T5 is a kind of transfer learning where a model is first pre-trained on a data-rich task before being fine-tuned on a downstream task, and it has emerged as a powerful technique in NLP. T5 comes in many sizes: t5-small, t5-base, t5-large, t5-3b, and t5-11b. Based on the original t5-base model, Google developed a multilingual one called mT5. While the original model was trained on the C4 corpus, mT5 was trained on the mC4 corpus, which includes 101 languages.

Since T5 is a seq2seq model, it converts all NLP problems into text-to-text problems. So, you will always need two utterances to train your model. For machine translation tasks, the corpus is as follows: a sentence in language X, and a sentence in language Y. The sequence in the language X is fed to the model using input_ids. The sentence in language Y (also called the target sequence) is shifted to the right and fed to the decoder using decoder_input_ids.

Besides machine translation and text summarization, T5 is also suitable for text classification (check the Colab Notebook on how to implement this task with T5), named entity classification (check the Colab Notebook), and question answering (check the Colab Notebook). By the way, the first two tasks are not text-to-text ones.

XLNet is a bigger version of the Transformer-XL model that was trained using an autoregressive method to learn bidirectional contexts by choosing the one with the highest expected likelihood over all the different ways of putting the factorization order of the input sequence. XLNet is pretty hard to train; that's why XLNet is pre-trained using only a subset of the output tokens as targets, which are selected with the target_mapping input.

XLNet is good for classification tasks. Developers claim that XLNet outperforms BERT on 20 tasks, often by a large margin, including question answering, natural language inference, sentiment analysis, and document ranking.

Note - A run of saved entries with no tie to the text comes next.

(* Any ensemble of pairwise orthogonal pure states in $\mathbb{C}^2\otimes\mathbb{C}^2$ (sampled with uniform probabilities) that contains no more than two entangled states is two-copy distinguishable under adaptive LOCC, i.e., the unknown state can be identified with certainty from two copies by an adaptive LOCC strategy.
   Context: Two spatially separated parties (Alice holding the first qubit, Bob the second) are given copies of an unknown state drawn from a known ensemble. In an adaptive LOCC strategy each copy is addressed individually by local quantum operations and classical communication (LOCC) acting on that copy only, and the strategy used on later copies may depend on the outcomes from earlier copies. A pure state is entangled if it is not a product state. *)

theory Defs
  imports Complex_Main
begin

text \<open>Two-qubit pure (unnormalised) vectors in C^2 (x) C^2: psi a b is the amplitude of
  the basis vector |a>|b>, a = Alice's index, b = Bob's index.
  Single-qubit linear operators are 2x2 complex matrices K r c.\<close>

type_synonym state2 = "bool \<Rightarrow> bool \<Rightarrow> complex"
type_synonym qop = "bool \<Rightarrow> bool \<Rightarrow> complex"

definition inner2 :: "state2 \<Rightarrow> state2 \<Rightarrow> complex" where
  "inner2 \<phi> \<psi> = (\<Sum>a\<in>UNIV. \<Sum>b\<in>UNIV. cnj (\<phi> a b) * \<psi> a b)"

definition is_product :: "state2 \<Rightarrow> bool" where
  "is_product \<psi> \<longleftrightarrow> (\<exists>u v :: bool \<Rightarrow> complex. \<psi> = (\<lambda>a b. u a * v b))"

definition entangled :: "state2 \<Rightarrow> bool" where
  "entangled \<psi> \<longleftrightarrow> \<not> is_product \<psi>"

datatype party = Alice | Bob

definition apply_local :: "party \<Rightarrow> qop \<Rightarrow> state2 \<Rightarrow> state2" where
  "apply_local p K \<psi> = (case p of
      Alice \<Rightarrow> (\<lambda>a b. \<Sum>a'\<in>UNIV. K a a' * \<psi> a' b)
    | Bob \<Rightarrow> (\<lambda>a b. \<Sum>b'\<in>UNIV. K b b' * \<psi> a b'))"

definition complete_meas :: "qop list \<Rightarrow> bool" where
  "complete_meas Ks \<longleftrightarrow> (\<forall>r c. (\<Sum>K\<leftarrow>Ks. \<Sum>k\<in>UNIV. cnj (K k r) * K k c) = (if r = c then 1 else 0))"

text \<open>A finite-round LOCC protocol on one copy: a tree in which, at each node, one party
  performs a local measurement (outcome j with Kraus operator K_j), broadcasts the outcome,
  and the protocol continues with the subtree attached to that outcome.\<close>
datatype 'a prot = Leaf 'a | Node party "(qop \<times> 'a prot) list"

inductive valid_prot :: "('a \<Rightarrow> bool) \<Rightarrow> 'a prot \<Rightarrow> bool" for P where
  leaf: "P x \<Longrightarrow> valid_prot P (Leaf x)"
| node: "complete_meas (map fst kts) \<Longrightarrow> list_all (\<lambda>kt. valid_prot P (snd kt)) kts
          \<Longrightarrow> valid_prot P (Node p kts)"

text \<open>reaches t psi x: starting from psi, the leaf with label x is reached with nonzero
  probability (the unnormalised post-measurement vector at that leaf is nonzero).\<close>
inductive reaches :: "'a prot \<Rightarrow> state2 \<Rightarrow> 'a \<Rightarrow> bool" where
  leaf: "\<psi> \<noteq> (\<lambda>_ _. 0) \<Longrightarrow> reaches (Leaf x) \<psi> x"
| node: "(K, t) \<in> set kts \<Longrightarrow> reaches t (apply_local p K \<psi>) x \<Longrightarrow> reaches (Node p kts) \<psi> x"

text \<open>Adaptive two-copy LOCC strategy: an LOCC protocol on copy 1 whose leaves are LOCC
  protocols on copy 2, whose leaves are the guessed index.\<close>
definition valid_strategy2 :: "nat prot prot \<Rightarrow> bool" where
  "valid_strategy2 S \<longleftrightarrow> valid_prot (valid_prot (\<lambda>_. True)) S"

definition two_copy_distinguishable :: "nat \<Rightarrow> (nat \<Rightarrow> state2) \<Rightarrow> bool" where
  "two_copy_distinguishable n \<psi> \<longleftrightarrow>
     (\<exists>S. valid_strategy2 S \<and>
        (\<forall>i<n. \<forall>T g. reaches S (\<psi> i) T \<and> reaches T (\<psi> i) g \<longrightarrow> g = i))"
lemma strip_offsets_eq_interval:
  assumes "x0 \<bullet> x0 = 1" and "compact (esssupp J)" and "esssupp J \<noteq> {}"
  obtains zmin zmax where "zmin \<in> esssupp J" and "zmax \<in> esssupp J"
    and "\<And>z. z \<in> esssupp J \<Longrightarrow> zmin \<bullet> x0 \<le> z \<bullet> x0 \<and> z \<bullet> x0 \<le> zmax \<bullet> x0"
    and "strip_offsets x0 J = {- (zmax \<bullet> x0) .. - (zmin \<bullet> x0)}"
proof -
  have "continuous_on (esssupp J) (\<lambda>z. z \<bullet> x0)"
    by (intro continuous_intros)
  then obtain zmin zmax where "zmin \<in> esssupp J" "zmax \<in> esssupp J"
    and min: "\<And>z. z \<in> esssupp J \<Longrightarrow> zmin \<bullet> x0 \<le> z \<bullet> x0"
    and max: "\<And>z. z \<in> esssupp J \<Longrightarrow> z \<bullet> x0 \<le> zmax \<bullet> x0"
    using continuous_attains_inf[OF assms(2,3)] continuous_attains_sup[OF assms(2,3)] by metis
  have "(INF z\<in>esssupp J. ereal (z \<bullet> x0)) = ereal (zmin \<bullet> x0)"
    by (rule cInf_eq_minimum) (use \<open>zmin \<in> esssupp J\<close> min in auto)
  moreover have "(SUP z\<in>esssupp J. ereal (z \<bullet> x0)) = ereal (zmax \<bullet> x0)"
    by (rule cSup_eq_maximum) (use \<open>zmax \<in> esssupp J\<close> max in auto)
  ultimately have strip: "y \<in> strip x0 J \<longleftrightarrow> zmin \<bullet> x0 \<le> y \<bullet> x0 \<and> y \<bullet> x0 \<le> zmax \<bullet> x0" for y
    by (simp add: strip_def)
  have "strip_offsets x0 J = {- (zmax \<bullet> x0) .. - (zmin \<bullet> x0)}"
  proof (intro set_eqI iffI)
    fix \<alpha> assume "\<alpha> \<in> strip_offsets x0 J"
    then have "(- \<alpha>) *\<^sub>R x0 \<in> strip x0 J"
      using scaleR_mem_plane[OF assms(1)] by (auto simp: strip_offsets_def)
    then show "\<alpha> \<in> {- (zmax \<bullet> x0) .. - (zmin \<bullet> x0)}"
      using assms(1) by (simp add: strip)
  qed (auto simp: strip_offsets_def plane_def strip)
  then show ?thesis
    using that \<open>zmin \<in> esssupp J\<close> \<open>zmax \<in> esssupp J\<close> min max by blast
qed
(* In the Core Tuplix Calculus $\mathbf{CTC}$ over a nonempty attribute set $A$ and a non-trivial cancellation meadow $\mathcal{D}$ (defined in the context), for data variables $u,v$ the identity \[ \gamma(u)\oplus\gamma(u-v)=\gamma(v)\oplus\gamma(u-v) \] is derivable.
   Context: Data: a meadow is a commutative ring with unit with a total unary operation $(\cdot)^{-1}$ satisfying $(u^{-1})^{-1}=u$ and $u\cdot(u\cdot u^{-1})=u$; a non-trivial cancellation meadow additionally satisfies $0\neq 1$ and the cancellation law ($u\neq 0$ and $uv=uw$ imply $v=w$). Fix such a structure $\mathcal{D}$. Data terms are built from data variables, constants $0,1$, binary $+,\cdot$ and unary $-$, $(\cdot)^{-1}$; write $p/q$ for $p\cdot q^{-1}$ and $p-q$ for $p+(-q)$. Fix a nonempty set $A$ of attributes. Tuplix terms are built from tuplix variables, constants $\epsilon$ and $\delta$, entries $a(p)$ ($a\in A$, $p$ a data term), zero tests $\gamma(p)$, and the binary operator $\oplus$. $\mathbf{CTC}$ is the two-sorted equational proof system with axioms (T1) $x\oplus y=y\oplus x$; (T2) $(x\oplus y)\oplus z=x\oplus(y\oplus z)$; (T3) $x\oplus\epsilon=x$; (T4) $x\oplus\delta=\delta$; (T5) $a(u)\oplus a(v)=a(u+v)$; (T6) $\gamma(u)=\gamma(u/u)$; (T7) $\gamma(0)=\epsilon$; (T8) $\gamma(1)=\delta$; (T9) $\gamma(u)\oplus\gamma(v)=\gamma(u/u+v/v)$; (T10) $\gamma(u-v)\oplus a(u)=\gamma(u-v)\oplus a(v)$ (for all $a\in A$), together with the rule (DE): for all data terms $p,q$, if $\mathcal{D}\models p=q$ then $\gamma(p)=\gamma(q)$ is derivable. *)

theory Defs
  imports Main
begin

record 'd meadow =
  mzero :: 'd
  mone  :: 'd
  madd  :: "'d \<Rightarrow> 'd \<Rightarrow> 'd"
  mmul  :: "'d \<Rightarrow> 'd \<Rightarrow> 'd"
  mneg  :: "'d \<Rightarrow> 'd"
  minv  :: "'d \<Rightarrow> 'd"

definition is_meadow :: "'d meadow \<Rightarrow> bool" where
  "is_meadow D \<longleftrightarrow>
     (\<forall>x y z. madd D (madd D x y) z = madd D x (madd D y z)) \<and>
     (\<forall>x y. madd D x y = madd D y x) \<and>
     (\<forall>x. madd D x (mzero D) = x) \<and>
     (\<forall>x. madd D x (mneg D x) = mzero D) \<and>
     (\<forall>x y z. mmul D (mmul D x y) z = mmul D x (mmul D y z)) \<and>
     (\<forall>x y. mmul D x y = mmul D y x) \<and>
     (\<forall>x. mmul D x (mone D) = x) \<and>
     (\<forall>x y z. mmul D x (madd D y z) = madd D (mmul D x y) (mmul D x z)) \<and>
     (\<forall>x. minv D (minv D x) = x) \<and>
     (\<forall>x. mmul D x (mmul D x (minv D x)) = x)"

definition nontrivial_cancellation_meadow :: "'d meadow \<Rightarrow> bool" where
  "nontrivial_cancellation_meadow D \<longleftrightarrow>
     is_meadow D \<and> mzero D \<noteq> mone D \<and>
     (\<forall>x y z. x \<noteq> mzero D \<longrightarrow> mmul D x y = mmul D x z \<longrightarrow> y = z)"

datatype dterm =
    DVar nat
  | DZero
  | DOne
  | DPlus dterm dterm
  | DTimes dterm dterm
  | DNeg dterm
  | DInv dterm

definition DDiv :: "dterm \<Rightarrow> dterm \<Rightarrow> dterm" where
  "DDiv p q = DTimes p (DInv q)"

definition DMinus :: "dterm \<Rightarrow> dterm \<Rightarrow> dterm" where
  "DMinus p q = DPlus p (DNeg q)"

fun deval :: "'d meadow \<Rightarrow> (nat \<Rightarrow> 'd) \<Rightarrow> dterm \<Rightarrow> 'd" where
  "deval D \<sigma> (DVar n) = \<sigma> n"
| "deval D \<sigma> DZero = mzero D"
| "deval D \<sigma> DOne = mone D"
| "deval D \<sigma> (DPlus p q) = madd D (deval D \<sigma> p) (deval D \<sigma> q)"
| "deval D \<sigma> (DTimes p q) = mmul D (deval D \<sigma> p) (deval D \<sigma> q)"
| "deval D \<sigma> (DNeg p) = mneg D (deval D \<sigma> p)"
| "deval D \<sigma> (DInv p) = minv D (deval D \<sigma> p)"

definition dvalid :: "'d meadow \<Rightarrow> dterm \<Rightarrow> dterm \<Rightarrow> bool" where
  "dvalid D p q \<longleftrightarrow> (\<forall>\<sigma>. deval D \<sigma> p = deval D \<sigma> q)"

datatype 'a tterm =
    TVar nat
  | Eps
  | Delta
  | Entry 'a dterm
  | Gamma dterm
  | Oplus "'a tterm" "'a tterm"

text \<open>The axioms (T1)--(T10) are given as
  schemata (closed under substitution of arbitrary tuplix terms for tuplix variables
  and arbitrary data terms for data variables); (T10) only for attributes in A.\<close>
inductive ctc :: "'d meadow \<Rightarrow> 'a set \<Rightarrow> 'a tterm \<Rightarrow> 'a tterm \<Rightarrow> bool"
  for D :: "'d meadow" and A :: "'a set" where
  T1: "ctc D A (Oplus x y) (Oplus y x)"
| T2: "ctc D A (Oplus (Oplus x y) z) (Oplus x (Oplus y z))"
| T3: "ctc D A (Oplus x Eps) x"
| T4: "ctc D A (Oplus x Delta) Delta"
| T5: "a \<in> A \<Longrightarrow> ctc D A (Oplus (Entry a u) (Entry a v)) (Entry a (DPlus u v))"
| T6: "ctc D A (Gamma u) (Gamma (DDiv u u))"
| T7: "ctc D A (Gamma DZero) Eps"
| T8: "ctc D A (Gamma DOne) Delta"
| T9: "ctc D A (Oplus (Gamma u) (Gamma v)) (Gamma (DPlus (DDiv u u) (DDiv v v)))"
| T10: "a \<in> A \<Longrightarrow> ctc D A (Oplus (Gamma (DMinus u v)) (Entry a u))
                                (Oplus (Gamma (DMinus u v)) (Entry a v))"
| DE: "dvalid D p q \<Longrightarrow> ctc D A (Gamma p) (Gamma q)"
| refl: "ctc D A t t"
| sym: "ctc D A t s \<Longrightarrow> ctc D A s t"
| trans: "ctc D A t s \<Longrightarrow> ctc D A s r \<Longrightarrow> ctc D A t r"
| cong: "ctc D A t t' \<Longrightarrow> ctc D A s s' \<Longrightarrow> ctc D A (Oplus t s) (Oplus t' s')"

end

theory Submission
  imports Defs
begin

text \<open>By (T9) and (T6) both sides are \<open>\<gamma>(q/q)\<close> with \<open>q = x/x + w/w\<close>, where \<open>x\<close> is \<open>u\<close>
  resp. \<open>v\<close> and \<open>w = u - v\<close>. If \<open>u = v\<close> the two data terms agree; otherwise \<open>w/w = 1\<close>, and
  since \<open>x/x\<close> is \<open>0\<close> or \<open>1\<close>, \<open>q\<close> is \<open>1\<close> or \<open>1 + 1\<close>, so \<open>q/q = 1\<close> on both sides as long as
  \<open>1 + 1 \<noteq> 0\<close>; rule (DE) then identifies them. In characteristic two the calculus is
  inconsistent: \<open>\<epsilon> = \<gamma>(0) = \<gamma>(1/1 + 1/1) = \<gamma>(1) \<oplus> \<gamma>(1) = \<delta> \<oplus> \<delta> = \<delta>\<close>, and then every
  equation is derivable.\<close>

lemma meadow_add_zero_left:
  assumes "is_meadow D"
  shows "madd D (mzero D) x = x"
  using assms unfolding is_meadow_def by metis

lemma meadow_mul_zero_left:
  assumes "is_meadow D"
  shows "mmul D (mzero D) x = mzero D"
proof -
  note ax = assms[unfolded is_meadow_def]
  let ?a = "mmul D x (mzero D)"
  have "?a = madd D ?a ?a"
    using ax by (metis (no_types))
  then have "madd D ?a (mneg D ?a) = madd D ?a (madd D ?a (mneg D ?a))"
    using ax by metis
  then have "?a = mzero D"
    using ax by metis
  then show ?thesis
    using ax by metis
qed

lemma meadow_eq_if_diff_eq_zero:
  assumes "is_meadow D" and "madd D x (mneg D y) = mzero D"
  shows "x = y"
proof -
  note ax = assms(1)[unfolded is_meadow_def]
  have "x = madd D x (madd D (mneg D y) y)"
    using ax by metis
  also have "\<dots> = madd D (madd D x (mneg D y)) y"
    using ax by metis
  also have "\<dots> = y"
    using assms meadow_add_zero_left by metis
  finally show ?thesis .
qed

lemma meadow_one_div_one:
  assumes "is_meadow D"
  shows "mmul D (mone D) (minv D (mone D)) = mone D"
  using assms unfolding is_meadow_def by metis

lemma cancellation_meadow_div_self:
  assumes "nontrivial_cancellation_meadow D" and "x \<noteq> mzero D"
  shows "mmul D x (minv D x) = mone D"
  using assms unfolding nontrivial_cancellation_meadow_def is_meadow_def by metis

lemma cancellation_meadow_div_self_add_one_nonzero:
  assumes D: "nontrivial_cancellation_meadow D"
    and two: "madd D (mone D) (mone D) \<noteq> mzero D"
  shows "madd D (mmul D x (minv D x)) (mone D) \<noteq> mzero D"
proof -
  have M: "is_meadow D" and zero_ne_one: "mzero D \<noteq> mone D"
    using D unfolding nontrivial_cancellation_meadow_def by blast+
  show ?thesis
  proof (cases "x = mzero D")
    case True
    then show ?thesis
      using zero_ne_one meadow_mul_zero_left[OF M] meadow_add_zero_left[OF M] by metis
  next
    case False
    then show ?thesis
      using two cancellation_meadow_div_self[OF D] by metis
  qed
qed

declare ctc.trans [trans]

lemma ctc_Oplus_Gamma:
  "ctc D A (Oplus (Gamma p) (Gamma q))
     (Gamma (DDiv (DPlus (DDiv p p) (DDiv q q)) (DPlus (DDiv p p) (DDiv q q))))"
  by (meson ctc.T9 ctc.T6 ctc.trans)

lemma ctc_all_if_Eps_Delta:
  assumes "ctc D A Eps Delta"
  shows "ctc D A t s"
proof -
  have collapse: "ctc D A r Delta" for r
  proof -
    have "ctc D A r (Oplus r Eps)" by (rule ctc.sym, rule ctc.T3)
    also have "ctc D A \<dots> (Oplus r Delta)" by (rule ctc.cong[OF ctc.refl assms])
    also have "ctc D A \<dots> Delta" by (rule ctc.T4)
    finally show ?thesis .
  qed
  show ?thesis
    using collapse[of t] collapse[of s] by (meson ctc.sym ctc.trans)
qed

lemma ctc_Eps_Delta_if_char_two:
  assumes "is_meadow D" and "madd D (mone D) (mone D) = mzero D"
  shows "ctc D A Eps Delta"
proof -
  have "ctc D A Eps (Gamma DZero)" by (rule ctc.sym, rule ctc.T7)
  also have "ctc D A \<dots> (Gamma (DPlus (DDiv DOne DOne) (DDiv DOne DOne)))"
    using assms meadow_one_div_one[OF assms(1)]
    by (intro ctc.DE) (simp add: dvalid_def DDiv_def)
  also have "ctc D A \<dots> (Oplus (Gamma DOne) (Gamma DOne))" by (rule ctc.sym, rule ctc.T9)
  also have "ctc D A \<dots> (Oplus Delta Delta)" by (rule ctc.cong[OF ctc.T8 ctc.T8])
  also have "ctc D A \<dots> Delta" by (rule ctc.T4)
  finally show ?thesis .
qed

lemma dvalid_normalized_sum_with_difference:
  assumes D: "nontrivial_cancellation_meadow D"
    and two: "madd D (mone D) (mone D) \<noteq> mzero D"
  fixes p r :: dterm
  defines "w \<equiv> DMinus p r"
  shows "dvalid D
           (DDiv (DPlus (DDiv p p) (DDiv w w)) (DPlus (DDiv p p) (DDiv w w)))
           (DDiv (DPlus (DDiv r r) (DDiv w w)) (DPlus (DDiv r r) (DDiv w w)))"
  unfolding dvalid_def
proof
  fix \<sigma>
  show "deval D \<sigma> (DDiv (DPlus (DDiv p p) (DDiv w w)) (DPlus (DDiv p p) (DDiv w w))) =
        deval D \<sigma> (DDiv (DPlus (DDiv r r) (DDiv w w)) (DPlus (DDiv r r) (DDiv w w)))"
  proof (cases "deval D \<sigma> p = deval D \<sigma> r")
    case True
    then show ?thesis by (simp add: DDiv_def)
  next
    case False
    have M: "is_meadow D"
      using D unfolding nontrivial_cancellation_meadow_def by blast
    have "madd D (deval D \<sigma> p) (mneg D (deval D \<sigma> r)) \<noteq> mzero D"
      using False meadow_eq_if_diff_eq_zero[OF M] by blast
    then have "deval D \<sigma> (DDiv w w) = mone D"
      unfolding w_def by (simp add: DDiv_def DMinus_def cancellation_meadow_div_self[OF D])
    then show ?thesis
      using cancellation_meadow_div_self[OF D cancellation_meadow_div_self_add_one_nonzero[OF D two]]
      by (simp add: DDiv_def)
  qed
qed

theorem lemma3:
  fixes D :: "'d meadow" and A :: "'a set" and u v :: nat
  assumes "nontrivial_cancellation_meadow D"
    and "A \<noteq> {}"
  shows "ctc D A (Oplus (Gamma (DVar u)) (Gamma (DMinus (DVar u) (DVar v))))
                 (Oplus (Gamma (DVar v)) (Gamma (DMinus (DVar u) (DVar v))))"
proof (cases "madd D (mone D) (mone D) = mzero D")
  case True
  have "is_meadow D"
    using assms(1) unfolding nontrivial_cancellation_meadow_def by blast
  then show ?thesis
    using ctc_all_if_Eps_Delta ctc_Eps_Delta_if_char_two True by blast
next
  case False
  then show ?thesis
    using ctc_Oplus_Gamma ctc.DE[OF dvalid_normalized_sum_with_difference[OF assms(1) False]]
    by (meson ctc.sym ctc.trans)
qed

end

Moreover, XLNet is one of the few models that has no sequence length limit.

BART uses a standard seq2seq/machine translation architecture with a bidirectional encoder and a left-to-right decoder. BART is outstanding for text generation tasks, though you can apply it to NLU tasks too. The model achieves new state-of-the-art results on a range of abstractive dialogue, question-answering, and summarization tasks, with gains of up to 6 ROUGE.

GPT, which stands for "Generative Pre-trained Transformer," is a type of language model developed by OpenAI. GPT is an autoregressive model, generating text sequentially from left to right. It predicts the next word in a sentence by considering the preceding words. The training of GPT follows a unidirectional (causal) language modeling objective. It focuses on predicting the next word based on contextual information from previous words. The GPT model can be used for various applications, including content creation, language translation, question-answering systems, chatbots, and more. The models have been particularly successful in generating human-like responses in conversational settings. The most recent version of GPT is GPT-4, which was released in 2023.

Comparison of different Transformer models:

Conclusion

In this topic, you have learned more about:

• transformers as language models;
• the most popular transformers;
• the NLP tasks that could be done with transformers.